In the listing below, find the line with "continuous (at_right t)" and the line with "real \<Rightarrow> real)". Repeat those two lines and all lines between them exactly.
Start of Data for this exercise
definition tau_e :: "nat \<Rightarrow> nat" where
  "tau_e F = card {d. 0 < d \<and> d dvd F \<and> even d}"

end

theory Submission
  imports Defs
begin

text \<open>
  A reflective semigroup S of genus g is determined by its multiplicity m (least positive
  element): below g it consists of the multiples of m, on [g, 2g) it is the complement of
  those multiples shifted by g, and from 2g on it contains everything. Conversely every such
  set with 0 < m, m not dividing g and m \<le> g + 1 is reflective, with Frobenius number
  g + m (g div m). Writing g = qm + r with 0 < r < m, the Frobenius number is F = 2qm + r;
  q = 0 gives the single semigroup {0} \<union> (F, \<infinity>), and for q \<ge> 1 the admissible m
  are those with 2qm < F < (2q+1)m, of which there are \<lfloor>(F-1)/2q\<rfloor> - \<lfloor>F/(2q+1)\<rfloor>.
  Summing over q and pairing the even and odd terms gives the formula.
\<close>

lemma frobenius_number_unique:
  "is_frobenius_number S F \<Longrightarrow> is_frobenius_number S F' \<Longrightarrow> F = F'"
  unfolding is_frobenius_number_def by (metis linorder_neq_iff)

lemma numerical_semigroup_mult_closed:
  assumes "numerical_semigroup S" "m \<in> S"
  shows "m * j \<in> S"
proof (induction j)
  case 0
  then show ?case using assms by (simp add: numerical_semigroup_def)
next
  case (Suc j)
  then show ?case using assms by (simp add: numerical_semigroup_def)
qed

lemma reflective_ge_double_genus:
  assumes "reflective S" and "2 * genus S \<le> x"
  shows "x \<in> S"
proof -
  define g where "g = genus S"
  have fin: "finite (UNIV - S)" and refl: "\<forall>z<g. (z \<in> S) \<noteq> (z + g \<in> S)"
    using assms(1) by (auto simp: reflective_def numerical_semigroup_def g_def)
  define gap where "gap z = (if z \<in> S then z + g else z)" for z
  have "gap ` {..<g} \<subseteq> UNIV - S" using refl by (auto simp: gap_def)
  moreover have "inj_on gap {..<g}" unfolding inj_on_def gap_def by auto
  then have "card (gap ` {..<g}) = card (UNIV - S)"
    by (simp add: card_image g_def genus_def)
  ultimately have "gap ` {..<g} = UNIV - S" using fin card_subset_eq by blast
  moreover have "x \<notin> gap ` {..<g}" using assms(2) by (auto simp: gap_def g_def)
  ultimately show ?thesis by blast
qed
End of Data for this exercise
Start of Data for this exercise
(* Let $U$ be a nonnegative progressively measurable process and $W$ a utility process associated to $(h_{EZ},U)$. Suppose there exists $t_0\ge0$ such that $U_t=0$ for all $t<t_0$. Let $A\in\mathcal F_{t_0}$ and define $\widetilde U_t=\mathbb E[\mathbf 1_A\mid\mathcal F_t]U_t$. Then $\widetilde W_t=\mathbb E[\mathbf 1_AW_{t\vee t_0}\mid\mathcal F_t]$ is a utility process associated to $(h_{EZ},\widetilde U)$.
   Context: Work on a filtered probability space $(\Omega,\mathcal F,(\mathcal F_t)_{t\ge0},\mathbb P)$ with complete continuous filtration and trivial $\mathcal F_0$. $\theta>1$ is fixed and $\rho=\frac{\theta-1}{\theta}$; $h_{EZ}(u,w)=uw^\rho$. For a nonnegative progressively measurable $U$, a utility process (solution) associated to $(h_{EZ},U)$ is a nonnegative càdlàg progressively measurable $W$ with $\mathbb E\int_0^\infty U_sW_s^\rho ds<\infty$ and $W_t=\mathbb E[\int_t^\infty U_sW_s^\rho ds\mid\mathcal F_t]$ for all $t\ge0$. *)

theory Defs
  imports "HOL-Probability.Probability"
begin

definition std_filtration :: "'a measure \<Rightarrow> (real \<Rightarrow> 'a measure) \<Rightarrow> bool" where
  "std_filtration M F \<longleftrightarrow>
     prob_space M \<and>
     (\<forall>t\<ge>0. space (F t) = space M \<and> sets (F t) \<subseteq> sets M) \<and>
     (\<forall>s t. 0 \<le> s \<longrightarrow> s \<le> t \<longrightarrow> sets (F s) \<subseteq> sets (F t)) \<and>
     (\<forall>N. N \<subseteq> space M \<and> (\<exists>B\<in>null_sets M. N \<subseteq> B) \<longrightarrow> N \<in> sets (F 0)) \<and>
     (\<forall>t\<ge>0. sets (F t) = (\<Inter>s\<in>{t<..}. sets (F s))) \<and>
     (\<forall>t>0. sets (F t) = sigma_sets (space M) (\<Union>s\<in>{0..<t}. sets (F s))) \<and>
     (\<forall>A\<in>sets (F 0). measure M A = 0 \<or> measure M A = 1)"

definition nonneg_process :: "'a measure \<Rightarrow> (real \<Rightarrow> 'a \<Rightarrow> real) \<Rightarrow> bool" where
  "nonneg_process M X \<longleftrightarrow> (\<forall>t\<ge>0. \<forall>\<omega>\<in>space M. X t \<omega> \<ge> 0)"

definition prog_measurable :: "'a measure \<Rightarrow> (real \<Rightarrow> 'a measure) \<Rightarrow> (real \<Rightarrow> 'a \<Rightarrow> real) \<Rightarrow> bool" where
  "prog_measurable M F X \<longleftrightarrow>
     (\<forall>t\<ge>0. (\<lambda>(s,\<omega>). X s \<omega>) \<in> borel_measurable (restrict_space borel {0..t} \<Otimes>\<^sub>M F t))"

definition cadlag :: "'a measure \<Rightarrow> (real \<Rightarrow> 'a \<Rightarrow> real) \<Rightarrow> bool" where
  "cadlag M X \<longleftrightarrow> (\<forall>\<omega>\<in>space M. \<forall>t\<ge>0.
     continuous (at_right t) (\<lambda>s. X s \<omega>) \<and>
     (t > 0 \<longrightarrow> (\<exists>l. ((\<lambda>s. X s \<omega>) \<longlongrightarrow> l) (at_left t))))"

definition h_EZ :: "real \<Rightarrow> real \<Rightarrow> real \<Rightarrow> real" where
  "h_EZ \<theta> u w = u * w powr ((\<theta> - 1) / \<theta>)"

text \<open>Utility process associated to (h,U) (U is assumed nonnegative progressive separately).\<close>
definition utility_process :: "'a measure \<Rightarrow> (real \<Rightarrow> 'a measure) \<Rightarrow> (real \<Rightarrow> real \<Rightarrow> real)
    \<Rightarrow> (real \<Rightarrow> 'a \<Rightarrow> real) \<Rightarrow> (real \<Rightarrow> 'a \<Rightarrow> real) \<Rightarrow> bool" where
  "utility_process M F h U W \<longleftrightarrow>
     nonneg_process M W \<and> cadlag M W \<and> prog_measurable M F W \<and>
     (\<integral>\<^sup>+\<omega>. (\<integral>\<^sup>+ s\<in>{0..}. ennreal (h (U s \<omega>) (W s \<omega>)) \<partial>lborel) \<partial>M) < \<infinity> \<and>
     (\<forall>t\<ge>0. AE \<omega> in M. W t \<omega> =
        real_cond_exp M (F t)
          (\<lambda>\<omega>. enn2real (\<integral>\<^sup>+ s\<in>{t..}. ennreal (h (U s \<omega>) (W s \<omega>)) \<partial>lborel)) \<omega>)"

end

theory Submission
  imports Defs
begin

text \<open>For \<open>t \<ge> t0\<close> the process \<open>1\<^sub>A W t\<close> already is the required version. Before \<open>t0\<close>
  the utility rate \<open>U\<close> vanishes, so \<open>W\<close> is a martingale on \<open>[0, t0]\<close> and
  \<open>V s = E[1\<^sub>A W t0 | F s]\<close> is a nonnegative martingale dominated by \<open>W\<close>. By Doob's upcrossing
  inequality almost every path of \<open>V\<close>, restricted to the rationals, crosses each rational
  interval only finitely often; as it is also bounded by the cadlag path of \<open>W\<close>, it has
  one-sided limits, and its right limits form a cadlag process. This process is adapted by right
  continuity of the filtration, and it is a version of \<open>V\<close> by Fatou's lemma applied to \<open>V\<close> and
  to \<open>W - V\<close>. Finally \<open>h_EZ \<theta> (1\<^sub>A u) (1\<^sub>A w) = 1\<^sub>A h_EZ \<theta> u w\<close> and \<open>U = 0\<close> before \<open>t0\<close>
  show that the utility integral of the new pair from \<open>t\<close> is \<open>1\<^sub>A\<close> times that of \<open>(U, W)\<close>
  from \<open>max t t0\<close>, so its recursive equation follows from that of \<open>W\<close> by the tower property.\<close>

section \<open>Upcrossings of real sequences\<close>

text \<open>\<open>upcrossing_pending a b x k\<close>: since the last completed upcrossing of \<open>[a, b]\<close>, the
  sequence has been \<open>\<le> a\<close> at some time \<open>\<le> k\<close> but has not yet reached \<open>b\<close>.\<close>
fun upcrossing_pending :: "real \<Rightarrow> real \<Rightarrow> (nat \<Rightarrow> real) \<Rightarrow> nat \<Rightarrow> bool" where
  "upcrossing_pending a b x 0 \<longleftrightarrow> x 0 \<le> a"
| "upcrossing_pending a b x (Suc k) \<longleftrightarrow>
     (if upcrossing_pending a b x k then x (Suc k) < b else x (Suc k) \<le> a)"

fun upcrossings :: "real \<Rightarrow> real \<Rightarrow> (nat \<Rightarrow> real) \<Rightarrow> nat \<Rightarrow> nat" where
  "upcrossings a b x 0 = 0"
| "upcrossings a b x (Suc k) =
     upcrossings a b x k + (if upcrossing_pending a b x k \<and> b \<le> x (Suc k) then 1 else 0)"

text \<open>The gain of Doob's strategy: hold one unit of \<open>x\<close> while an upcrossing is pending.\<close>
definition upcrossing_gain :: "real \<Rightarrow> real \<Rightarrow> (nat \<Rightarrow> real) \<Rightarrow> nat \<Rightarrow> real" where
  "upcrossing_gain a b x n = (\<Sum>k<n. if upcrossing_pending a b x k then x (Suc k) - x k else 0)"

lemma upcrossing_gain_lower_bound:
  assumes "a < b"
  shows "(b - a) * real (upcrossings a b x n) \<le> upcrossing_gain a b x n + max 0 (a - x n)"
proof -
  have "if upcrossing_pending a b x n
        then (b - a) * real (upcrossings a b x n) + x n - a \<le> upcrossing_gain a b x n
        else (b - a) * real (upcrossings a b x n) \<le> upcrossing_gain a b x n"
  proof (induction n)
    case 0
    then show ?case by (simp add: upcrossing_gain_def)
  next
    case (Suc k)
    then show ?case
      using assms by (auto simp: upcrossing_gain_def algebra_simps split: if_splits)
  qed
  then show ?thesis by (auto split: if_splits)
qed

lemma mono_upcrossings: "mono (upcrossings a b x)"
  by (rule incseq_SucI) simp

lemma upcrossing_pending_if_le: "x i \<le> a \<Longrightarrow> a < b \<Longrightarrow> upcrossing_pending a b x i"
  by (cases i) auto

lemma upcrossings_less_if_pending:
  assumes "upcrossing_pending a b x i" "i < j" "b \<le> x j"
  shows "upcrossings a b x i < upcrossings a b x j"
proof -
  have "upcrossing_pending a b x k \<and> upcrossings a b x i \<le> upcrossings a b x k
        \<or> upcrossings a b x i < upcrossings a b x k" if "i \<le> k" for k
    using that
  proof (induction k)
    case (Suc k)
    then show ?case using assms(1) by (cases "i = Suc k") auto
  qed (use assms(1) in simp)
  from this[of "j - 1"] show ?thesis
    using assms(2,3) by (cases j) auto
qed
End of Data for this exercise
Solution to this task |
     continuous (at_right t) (\<lambda>s. X s \<omega>) \<and>
     (t > 0 \<longrightarrow> (\<exists>l. ((\<lambda>s. X s \<omega>) \<longlongrightarrow> l) (at_left t))))"

definition h_EZ :: "real \<Rightarrow> real \<Rightarrow> real \<Rightarrow> real" where
  "h_EZ \<theta> u w = u * w powr ((\<theta> - 1) / \<theta>)"

text \<open>Utility process associated to (h,U) (U is assumed nonnegative progressive separately).\<close>
definition utility_process :: "'a measure \<Rightarrow> (real \<Rightarrow> 'a measure) \<Rightarrow> (real \<Rightarrow> real \<Rightarrow> real)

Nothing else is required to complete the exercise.